Эмма поняла, что он в очередной раз влюбился. Значит, теперь после орхидей, голубей и усоногих – полезный труженик земли, выполняющий важную геологическую работу, разрыхляя землю для крестьян и садоводов. Она позволила Чарльзу эту влюбленность, хотя горшки заставили все подоконники, а после кормления повсюду валялись кусочки сырого мяса и капустных листьев, которые, если прислуга вовремя их не находила, начинали пахнуть.
Правда, один раз, увидев, как Чарльз орудует раскаленной докрасна кочергой, проверяя реакцию так скудно оснащенного органами чувств животного на тепло, она вмешалась. С ревом запротестовал и Бернард, беспокоясь о нежной коже безобидных червей. Для четырехлетнего малыша обитатели кабинета и бильярдной давно стали членами семьи. Может, дело объяснялось тем, что lumbricus’у, дождевому червю, удавалось хотя бы на время выводить деда из подавленного состояния. Даже Эмма, всю жизнь вынужденная терпеть опыты не только на кухне, но и в столовой, заключила животных в сердце, поскольку от эксперимента к эксперименту дождевой червь все больше выказывал личностные качества, а в конце концов прошел даже хитроумную проверку на разумность.

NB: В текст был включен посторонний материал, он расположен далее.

(* Suppose Assumptions (A1) and (A2) hold, $C>C^*$, and $\mathcal{S}_E\cap\mathcal{S}_P=\emptyset$. Then: (i) for every nonempty $\mathscr{S}\in\mathcal{A}(k)$, $$\inf_{T\in\mathcal{T}^{1/2}_{\mathscr{S}}}\sup_{\tau\in\mathrm{Lip}_C(\mathbb{R}^d)}\mathcal{R}(T,\mathscr{S},\tau)=\frac{C}{2}\,\frac{1}{\#\mathcal{S}_P}\sum_{s\in\mathcal{S}_P}\|X_s-X_{N_{\mathscr{S}}(s)}\|;$$ (ii) consequently, any nonempty $\mathscr{S}^*\in\mathcal{A}(k)$ minimizing $\sum_{s\in\mathcal{S}_P}\|X_s-X_{N_{\mathscr{S}}(s)}\|$ over nonempty $\mathscr{S}\in\mathcal{A}(k)$ (a $k$-median solution) also minimizes $\inf_{T\in\mathcal{T}^{1/2}_{\mathscr{S}}}\sup_{\tau\in\mathrm{Lip}_C(\mathbb{R}^d)}\mathcal{R}(T,\mathscr{S},\tau)$ over nonempty $\mathscr{S}\in\mathcal{A}(k)$.
   Context: Sites are indexed by $\mathcal{S}=\{1,\dots,S\}$. $\mathcal{S}_E\subseteq\mathcal{S}$ has $\mathrm{card}(\mathcal{S}_E)\ge2$, and $\mathcal{S}_P\subseteq\mathcal{S}$ is nonempty, with $\#\mathcal{S}_P=\mathrm{card}(\mathcal{S}_P)$. Each site $s$ has covariates $X_s\in\mathbb{R}^d$ and a known standard deviation $\sigma_s>0$. $\|\cdot\|$ is the Euclidean norm, and $\mathrm{Lip}_C(\mathbb{R}^d)$ is the set of $C$-Lipschitz functions $\mathbb{R}^d\to\mathbb{R}$ with respect to $\|\cdot\|$, where $C>0$. (A1): the true conditional treatment effect function $\tau$ lies in $\mathrm{Lip}_C(\mathbb{R}^d)$. (A2): the $X_s$ are pairwise distinct. Fix an integer $1\le k<\mathrm{card}(\mathcal{S}_E)$ and set $\mathcal{A}(k)=\{\mathscr{S}\subset\mathcal{S}_E:\mathrm{card}(\mathscr{S})\le k\}$. For a nonempty $\mathscr{S}$ with elements $\mathscr{S}_1<\dots<\mathscr{S}_m$, the data are $\hat\tau_{\mathscr{S}}\sim\mathcal{N}_m(\tau_{\mathscr{S}},\mathrm{diag}(\sigma^2_{\mathscr{S}_1},\dots,\sigma^2_{\mathscr{S}_m}))$, where $\tau_{\mathscr{S}}=(\tau(X_{\mathscr{S}_i}))_{i=1}^m$. A treatment rule is a measurable map $T:\mathbb{R}^m\to[0,1]^{\#\mathcal{S}_P}$. $\mathcal{T}^{1/2}_{\mathscr{S}}$ is the set of treatment rules with $\mathbb{E}[T_s(U)]=1/2$ for all $s\in\mathcal{S}_P$ whenever $U\sim\mathcal{N}_m(0,\Sigma)$, for every positive definite diagonal $\Sigma$. Regret is $\mathcal{R}(T,\mathscr{S},\tau)=\frac{1}{\#\mathcal{S}_P}\sum_{s\in\mathcal{S}_P}\tau(X_s)\big(\mathbf{1}\{\tau(X_s)\ge0\}-\mathbb{E}_{\tau_{\mathscr{S}}}[T_s(\hat\tau_{\mathscr{S}})]\big)$. $N_{\mathscr{S}}(s)$ is the nearest neighbor of $s$ in $\mathscr{S}$ in Euclidean distance of covariates, with the smallest index chosen under ties. $C^*=\max\{\sqrt{\pi/2}\,\sigma_{N_{\mathscr{S}}(s)}/\|X_s-X_{N_{\mathscr{S}}(s)}\|:\mathscr{S}\in\mathcal{A}(k)\text{ nonempty},\ s\in\mathcal{S}_P\setminus\mathscr{S}\}$. *)

theory Defs
  imports "HOL-Probability.Probability"
begin

text \<open>Sampling distribution of the estimates at the sites of \<open>Sc\<close>: independent
  normals with means \<open>mu i\<close> and standard deviations \<open>sd i\<close>, indexed by the sites
  of \<open>Sc\<close> (equivalent to the vector indexed by the sorted elements of \<open>Sc\<close>).\<close>
definition data_measure :: "(nat \<Rightarrow> real) \<Rightarrow> (nat \<Rightarrow> real) \<Rightarrow> nat set \<Rightarrow> (nat \<Rightarrow> real) measure" where
  "data_measure sd mu Sc = PiM Sc (\<lambda>i. density lborel (normal_density (mu i) (sd i)))"

definition treatment_rule :: "nat set \<Rightarrow> nat set \<Rightarrow> ((nat \<Rightarrow> real) \<Rightarrow> nat \<Rightarrow> real) \<Rightarrow> bool" where
  "treatment_rule SP Sc T \<longleftrightarrow>
     (\<forall>s\<in>SP. (\<lambda>u. T u s) \<in> borel_measurable (PiM Sc (\<lambda>_. borel))
           \<and> (\<forall>u\<in>space (PiM Sc (\<lambda>_. borel)). 0 \<le> T u s \<and> T u s \<le> 1))"

definition half_rules :: "nat set \<Rightarrow> nat set \<Rightarrow> ((nat \<Rightarrow> real) \<Rightarrow> nat \<Rightarrow> real) set" where
  "half_rules SP Sc = {T. treatment_rule SP Sc T \<and>
     (\<forall>sd. (\<forall>i\<in>Sc. 0 < sd i) \<longrightarrow>
        (\<forall>s\<in>SP. (\<integral>u. T u s \<partial>(data_measure sd (\<lambda>_. 0) Sc)) = 1/2))}"

definition regret :: "nat set \<Rightarrow> (nat \<Rightarrow> 'a) \<Rightarrow> (nat \<Rightarrow> real) \<Rightarrow> nat set
     \<Rightarrow> ((nat \<Rightarrow> real) \<Rightarrow> nat \<Rightarrow> real) \<Rightarrow> ('a \<Rightarrow> real) \<Rightarrow> real" where
  "regret SP X sdv Sc T tau =
     (1 / real (card SP)) * (\<Sum>s\<in>SP. tau (X s) *
        ((if tau (X s) \<ge> 0 then 1 else 0)
         - (\<integral>u. T u s \<partial>(data_measure sdv (\<lambda>i. tau (X i)) Sc))))"

definition minimax_regret :: "real \<Rightarrow> nat set \<Rightarrow> (nat \<Rightarrow> 'a::metric_space) \<Rightarrow> (nat \<Rightarrow> real)
     \<Rightarrow> nat set \<Rightarrow> ereal" where
  "minimax_regret C SP X sdv Sc =
     (INF T\<in>half_rules SP Sc. SUP tau\<in>{tau. C-lipschitz_on UNIV tau}.
        ereal (regret SP X sdv Sc T tau))"

definition NN :: "(nat \<Rightarrow> 'a::metric_space) \<Rightarrow> nat set \<Rightarrow> nat \<Rightarrow> nat" where
  "NN X Sc s = (LEAST j. j \<in> Sc \<and> (\<forall>i\<in>Sc. dist (X s) (X j) \<le> dist (X s) (X i)))"

definition Acal :: "nat set \<Rightarrow> nat \<Rightarrow> nat set set" where
  "Acal SE k = {Sc. Sc \<subseteq> SE \<and> card Sc \<le> k}"

definition Cstar :: "nat set \<Rightarrow> nat set \<Rightarrow> nat \<Rightarrow> (nat \<Rightarrow> 'a::real_normed_vector) \<Rightarrow> (nat \<Rightarrow> real) \<Rightarrow> real" where
  "Cstar SE SP k X sdv = Max {sqrt (pi/2) * sdv (NN X Sc s) / norm (X s - X (NN X Sc s)) | Sc s.
       Sc \<in> Acal SE k \<and> Sc \<noteq> {} \<and> s \<in> SP - Sc}"

end

theory Submission
  imports Defs
begin

text \<open>
  For a site \<open>s\<close> at distance \<open>\<delta>\<close> from its nearest experimental neighbour \<open>j\<close>, the Lipschitz
  bound only gives \<open>|\<tau>(X\<^sub>s) - \<tau>(X\<^sub>j)| \<le> C\<delta>\<close>. The lower bound uses \<open>\<tau> = C \<cdot> dist(\<cdot>, X`Sc)\<close>:
  it vanishes on the experimental sites, so every rule in \<open>T\<^sup>1\<^sup>/\<^sup>2\<close> treats with probability
  \<open>1/2\<close> and loses \<open>C\<delta>/2\<close> at each site. For the upper bound, the rule treating \<open>s\<close> with
  probability \<open>\<Phi>(\<tau>\<^sub>j/\<rho>)\<close> has, after averaging over the noise \<open>\<sigma>\<^sub>j\<close>, expected treatment
  \<open>\<Phi>(\<tau>(X\<^sub>j)/\<sqrt>(\<sigma>\<^sub>j\<^sup>2 + \<rho>\<^sup>2))\<close>; the condition \<open>C > C\<^sup>*\<close> is exactly what allows \<open>\<rho>\<close> to be chosen
  with \<open>\<sqrt>(\<sigma>\<^sub>j\<^sup>2 + \<rho>\<^sup>2) = C\<delta> \<sqrt>(2/\<pi>)\<close>, and at this scale the elementary inequality
  \<open>(1 + \<sqrt>(2/\<pi>) x)(1 - \<Phi> x) \<le> 1/2\<close> bounds the regret at \<open>s\<close> by \<open>C\<delta>/2\<close> whatever \<open>\<tau>\<close> is.
\<close>

section \<open>The standard normal distribution function\<close>

abbreviation normal_measure :: "real \<Rightarrow> real \<Rightarrow> real measure" where
  "normal_measure \<mu> \<sigma> \<equiv> density lborel (normal_density \<mu> \<sigma>)"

Чарльз подложил подопытным животным клочки писчей бумаги и после наблюдений, длившихся много недель, установил, что восемьдесят процентов червей захватывают клочок губами за острый кончик и так затаскивают в норку. Восхищенный Дарвин записал: «Они заслуживают, чтобы их назвали умными, поскольку поступают почти так же, как поступил бы в подобной ситуации и человек».
Это Эмме показалось слишком, ей не могло понравиться, что муж – горячо любимый – все продолжает сравнивать человека даже с дождевыми червями.
На подобные сравнения обижались и другие. Прежде всего на то, что он поместил человека наряду с остальными животными всего лишь на особую ветвь генеалогического древа жизни. Практически можно утверждать, неприятности Дарвина, как и его слава, начались в 1837 году с плохонького рисунка, на котором было изображено чахлое, погнутое ветрами деревце в блокноте В – тайном. «I think», «я думаю», написал он над этим первым генеалогическим древом, начав тем самым неслыханную игру разума, навсегда изменившую суть человека.
Правда, никто не знал о сомнениях, одолевавших его в ту ночь сорок четыре года назад. Ибо если принять набросок всерьез, он, вероятно, уже не сможет исследовать природу так, как надеялся прежде.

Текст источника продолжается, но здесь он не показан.